In the cases when I work, they call all the IDs of the ID columns.

Therefore, they will do the following:

Select i.ID , il.ID From Invoices i Left Join InvoiceLines il on i.ID = il.InvoiceID 

Now I see a few problems here:
1. You will need to use the column aliases in the list 2. ID = InvoiceID does not fit into my brain
3. If you did not use table aliases and referenced InvoiceID, then obviously, what table is it in?

What do other peoples think on this subject?

+73
sql naming-conventions
Oct 16 '08 at 13:34
source share
24 answers

Identifier is SQL Antispam. See http://www.amazon.com/s/ref=nb_sb_ss_i_1_5?url=search-alias%3Dstripbooks&field-keywords=sql+antipatterns&sprefix=sql+a

If you have many tables with an ID, you are reporting a lot more difficult. This obscures the meaning and makes it difficult to read complex queries, and also requires the use of aliases to differentiate the report itself.

Also, if someone is stupid enough to use a natural join in the database where they are available, you will join the wrong records.

If you want to use the USING syntax allowed by some dbs, you cannot use the identifier.

If you use an identifier, you can easily get an erroneous connection if you are going to copy the syntax of the connection (don’t tell me that no one ever does this!) And forget to change the alias in the connection condition.

So now you have

 select t1.field1, t2.field2, t3.field3 from table1 t1 join table2 t2 on t1.id = t2.table1id join table3 t3 on t1.id = t3.table2id 

when did you mean

 select t1.field1, t2.field2, t3.field3 from table1 t1 join table2 t2 on t1.id = t2.table1id join table3 t3 on t2.id = t3.table2id 

If you use tablenameID as the id field, such a random error is much less likely and much easier to find.

+12
Sep 21 '11 at 17:41
source share

I always preferred ID for TableName + ID for id column and then TableName + ID for foreign key. Thus, all tables have the same name for the id field and there is no redundant description. This seems simpler to me because all tables have the same primary key field name.

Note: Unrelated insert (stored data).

lemma gen_p_Suc:
  assumes "1 \<le> n"
  shows "gen_p s b a n (Suc k) = b * gen_q s b a (n - Suc s) k"
proof -
  have "card {(n - 1) * b + 1..n * b} = b" using assms by (cases n) auto
  moreover have "inj (\<lambda>(t, r). t # r :: nat list)" by (auto intro: injI)
  ultimately show ?thesis
    unfolding gen_p_eq_card[OF assms] legal_below_len_top_bin[OF assms] gen_q_eq_card
    by (simp add: card_image inj_on_subset card_cartesian_product)
qed

lemma gen_p_0_right: "1 \<le> n \<Longrightarrow> gen_p s b a n 0 = 0"
  by (simp add: gen_p_eq_card legal_below_len_0)

lemma gen_q_nonzero_imp: "gen_q s b a m k \<noteq> 0 \<Longrightarrow> k * (s + 1) \<le> m + s"
proof (cases k)
  case (Suc k')
  assume "gen_q s b a m k \<noteq> 0"
  then obtain ls where ls: "ls \<in> legal_below_len (m * b + 1) k"
    unfolding gen_q_eq_card by (metis card.empty ex_in_conv)
  then obtain t r where tr: "ls = t # r" using Suc unfolding legal_below_len_def by (cases ls) auto
  have "bin_gapped s b (t # r)" "t \<le> m * b" "length r = k'"
    using ls Suc unfolding tr legal_below_len_def legal_below_def by auto
  moreover from this have "bin_of b t \<le> m" using bin_of_le_iff[OF b_pos] by (simp add: mult.commute)
  ultimately show ?thesis using bin_gapped_length_lt_bin[OF b_pos] Suc by fastforce
qed simp

lemma gen_p_nonzero_imp: "gen_p s b a n k \<noteq> 0 \<Longrightarrow> k * (s + 1) \<le> n + s"
proof (cases "n = 0")
  case True
  thus "gen_p s b a n k \<noteq> 0 \<Longrightarrow> k * (s + 1) \<le> n + s" by (simp add: gen_p_0 split: if_splits)
next
  case False
  assume p: "gen_p s b a n k \<noteq> 0"
  then obtain k' where k: "k = Suc k'" using False gen_p_0_right by (cases k) auto
  hence "k' * (s + 1) \<le> n - Suc s + s" using p False gen_p_Suc gen_q_nonzero_imp by simp
  moreover have "k' = 0" if "n \<le> s" using calculation that by (cases k') auto
  ultimately show ?thesis using False k by (cases "n \<le> s") auto
qed

lemma gen_p_formula:
  "gen_p s b a n k =
     (if n = 0 \<and> k = 0 then 1
      else if 1 \<le> n \<and> n \<le> s \<and> k = 1 then b
      else if s + 1 \<le> n \<and> 1 \<le> k \<and> real k \<le> real (n + s) / real (s + 1)
        then b * gen_q s b a (n - (s + 1)) (k - 1)
      else 0)"
proof (cases "n = 0")
  case True
  thus ?thesis by (simp add: gen_p_0)
next
  case False
  show ?thesis
  proof (cases k)
    case 0
    thus ?thesis using False gen_p_0_right by simp
  next
    case (Suc k')
    have p: "gen_p s b a n k = b * gen_q s b a (n - Suc s) k'" using Suc False gen_p_Suc by simp
    show ?thesis
    proof (cases "n \<le> s")
      case True
      thus ?thesis using p Suc False by (simp add: gen_q_0)
    next
      case False
      moreover have "gen_p s b a n k = 0" if "\<not> k * (s + 1) \<le> n + s"
        using that gen_p_nonzero_imp by blast
      ultimately show ?thesis unfolding real_le_divide_iff_mult_le using p Suc \<open>n \<noteq> 0\<close> by auto
    qed
  qed
qed

lemma gen_p_le_ceiling:
  assumes "gen_p s b a n k \<noteq> 0"
  shows "k \<le> nat \<lceil>real (n + s) / real (s + 1)\<rceil>"
proof -
  have "real k \<le> real (n + s) / real (s + 1)"
    using gen_p_nonzero_imp[OF assms] real_le_divide_iff_mult_le by blast
  also have "\<dots> \<le> of_int \<lceil>real (n + s) / real (s + 1)\<rceil>" by (rule le_of_int_ceiling)
  finally show ?thesis by linarith
qed

definition p_poly :: "nat \<Rightarrow> real fps" where
  "p_poly n = Abs_fps (\<lambda>k. real (gen_p s b a n k))"

definition q_poly :: "nat \<Rightarrow> real fps" where
  "q_poly n = Abs_fps (\<lambda>k. real (gen_q s b a n k))"

lemma p_poly_0: "p_poly 0 = 1"
  by (rule fps_ext) (simp add: p_poly_def gen_p_0)

lemma q_poly_0: "q_poly 0 = 1"
  by (rule fps_ext) (simp add: q_poly_def gen_q_0)

lemma q_poly_Suc: "q_poly (Suc m) = q_poly m + p_poly (Suc m)"
  by (rule fps_ext) (simp add: q_poly_def p_poly_def gen_q_Suc)

lemma p_poly_eq:
  assumes "1 \<le> n"
  shows "p_poly n = of_nat b * fps_X * q_poly (n - Suc s)"
proof (rule fps_ext)
  fix k
  show "p_poly n $ k = (of_nat b * fps_X * q_poly (n - Suc s)) $ k"
    using assms
    by (cases k) (simp_all add: fps_of_nat_X_mult_nth p_poly_def q_poly_def gen_p_Suc gen_p_0_right)
qed

lemma p_poly_low: "1 \<le> n \<Longrightarrow> n \<le> Suc s \<Longrightarrow> p_poly n = of_nat b * fps_X"
  by (simp add: p_poly_eq q_poly_0)

lemma p_poly_high:
  assumes "Suc s < n"
  shows "p_poly n = p_poly (n - 1) + of_nat b * fps_X * p_poly (n - Suc s)"
proof -
  have "n - Suc s = Suc (n - 1 - Suc s)" "1 \<le> n - 1" using assms by auto
  thus ?thesis using assms by (simp add: p_poly_eq q_poly_Suc distrib_left)
qed

lemma Abs_fps_truncated_eq:
  "(Abs_fps (\<lambda>n. Abs_fps (\<lambda>k.
      if k \<le> nat \<lceil>real (n + s) / real (s + 1)\<rceil> then real (gen_p s b a n k) else 0)) :: real fps fps)
    = Abs_fps p_poly"
proof -
  have "(if k \<le> nat \<lceil>real (n + s) / real (s + 1)\<rceil> then real (gen_p s b a n k) else 0)
      = real (gen_p s b a n k)" for n k
    using gen_p_le_ceiling[of n k] by auto
  thus ?thesis unfolding p_poly_def by simp
qed

lemma generating_function:
  assumes "1 \<le> s"
  shows "Abs_fps p_poly = 1 + fps_const (of_nat b * fps_X) * fps_X
    * inverse (1 - fps_X - fps_const (of_nat b * fps_X) * fps_X ^ (s + 1))"
proof -
  define C :: "real fps fps" where "C = fps_const (of_nat b * fps_X)"
  define D where "D = 1 - fps_X - C * fps_X ^ (s + 1)"
  define F where "F = Abs_fps p_poly"
  have "F * D = D + C * fps_X"
  proof (rule fps_ext)
    fix n
    have FD: "F * D = F - fps_X * F - C * (fps_X ^ (s + 1) * F)" by (simp add: D_def algebra_simps)
    have XF: "(fps_X * F) $ n = (if n = 0 then 0 else p_poly (n - 1))" by (simp add: F_def)
    have XsF: "(fps_X ^ (s + 1) * F) $ n = (if n < s + 1 then 0 else p_poly (n - (s + 1)))"
      by (simp only: fps_X_power_mult_nth F_def fps_nth_Abs_fps)
    have lhs: "(F * D) $ n = p_poly n - (if n = 0 then 0 else p_poly (n - 1))
        - (if n < s + 1 then 0 else of_nat b * fps_X * p_poly (n - (s + 1)))"
      unfolding FD fps_sub_nth XF C_def fps_mult_left_const_nth XsF by (simp add: F_def)
    have rhs: "(D + C * fps_X) $ n = (if n = 0 then 1 else 0) - (if n = 1 then 1 else 0)
        - (if n = s + 1 then of_nat b * fps_X else 0) + (if n = 1 then of_nat b * fps_X else 0)"
      by (simp add: D_def C_def) arith
    consider "n = 0" | "n = 1" | "2 \<le> n" "n \<le> s" | "n = s + 1" | "s + 1 < n" using assms by linarith
    thus "(F * D) $ n = (D + C * fps_X) $ n"
      unfolding lhs rhs by cases (use assms in \<open>simp_all add: p_poly_0 p_poly_low p_poly_high\<close>)
  qed
  moreover have inv: "D * inverse D = 1" by (rule fps_mult_inverse_eq_1) (simp add: D_def C_def)
  ultimately have "F = (D + C * fps_X) * inverse D" by (metis mult.assoc mult_1_right)
  also have "\<dots> = 1 + C * fps_X * inverse D" using inv by (simp add: distrib_right)
  finally show ?thesis unfolding F_def C_def D_def .
qed

end

theorem proposition2p13:
  fixes s b :: nat and a :: "nat \<Rightarrow> nat"
  assumes "1 \<le> s" and "1 \<le> b"
    and "is_generacci s b a"
  shows "(\<forall>n k. gen_p s b a n k =
            (if n = 0 \<and> k = 0 then 1
             else if 1 \<le> n \<and> n \<le> s \<and> k = 1 then b
             else if s + 1 \<le> n \<and> 1 \<le> k \<and> real k \<le> real (n + s) / real (s + 1)
               then b * gen_q s b a (n - (s + 1)) (k - 1)
             else 0))
       \<and> (Abs_fps (\<lambda>n. Abs_fps (\<lambda>k.
              if k \<le> nat \<lceil>real (n + s) / real (s + 1)\<rceil> then real (gen_p s b a n k) else 0))
            :: real fps fps)
         = 1 + fps_const (of_nat b * fps_X) * fps_X
               * inverse (1 - fps_X - fps_const (of_nat b * fps_X) * fps_X ^ (s + 1))"
proof -
  interpret generacci s b a using assms(2,3) by unfold_locales
  show ?thesis using gen_p_formula Abs_fps_truncated_eq generating_function[OF assms(1)] by simp
qed

end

As for joining tables and not knowing which Id field belongs to which table, in my opinion, the query should be written to handle this situation. Where I work, we always prefer the fields that we use in the instructions with the alias table / table.

+113
Oct 16 '08 at 13:46
source share

Recently, my company had a boot. The advent of LINQ has made the redundant table tablename + ID even more stupid in my eyes. I think most reasonable people will say that if you manually write your SQL in such a way that you must specify table names to differentiate FK, then this is not only a saving on typing, but also adding clarity to your SQL to use only IDs, in which you can clearly see what is PC and which is FK.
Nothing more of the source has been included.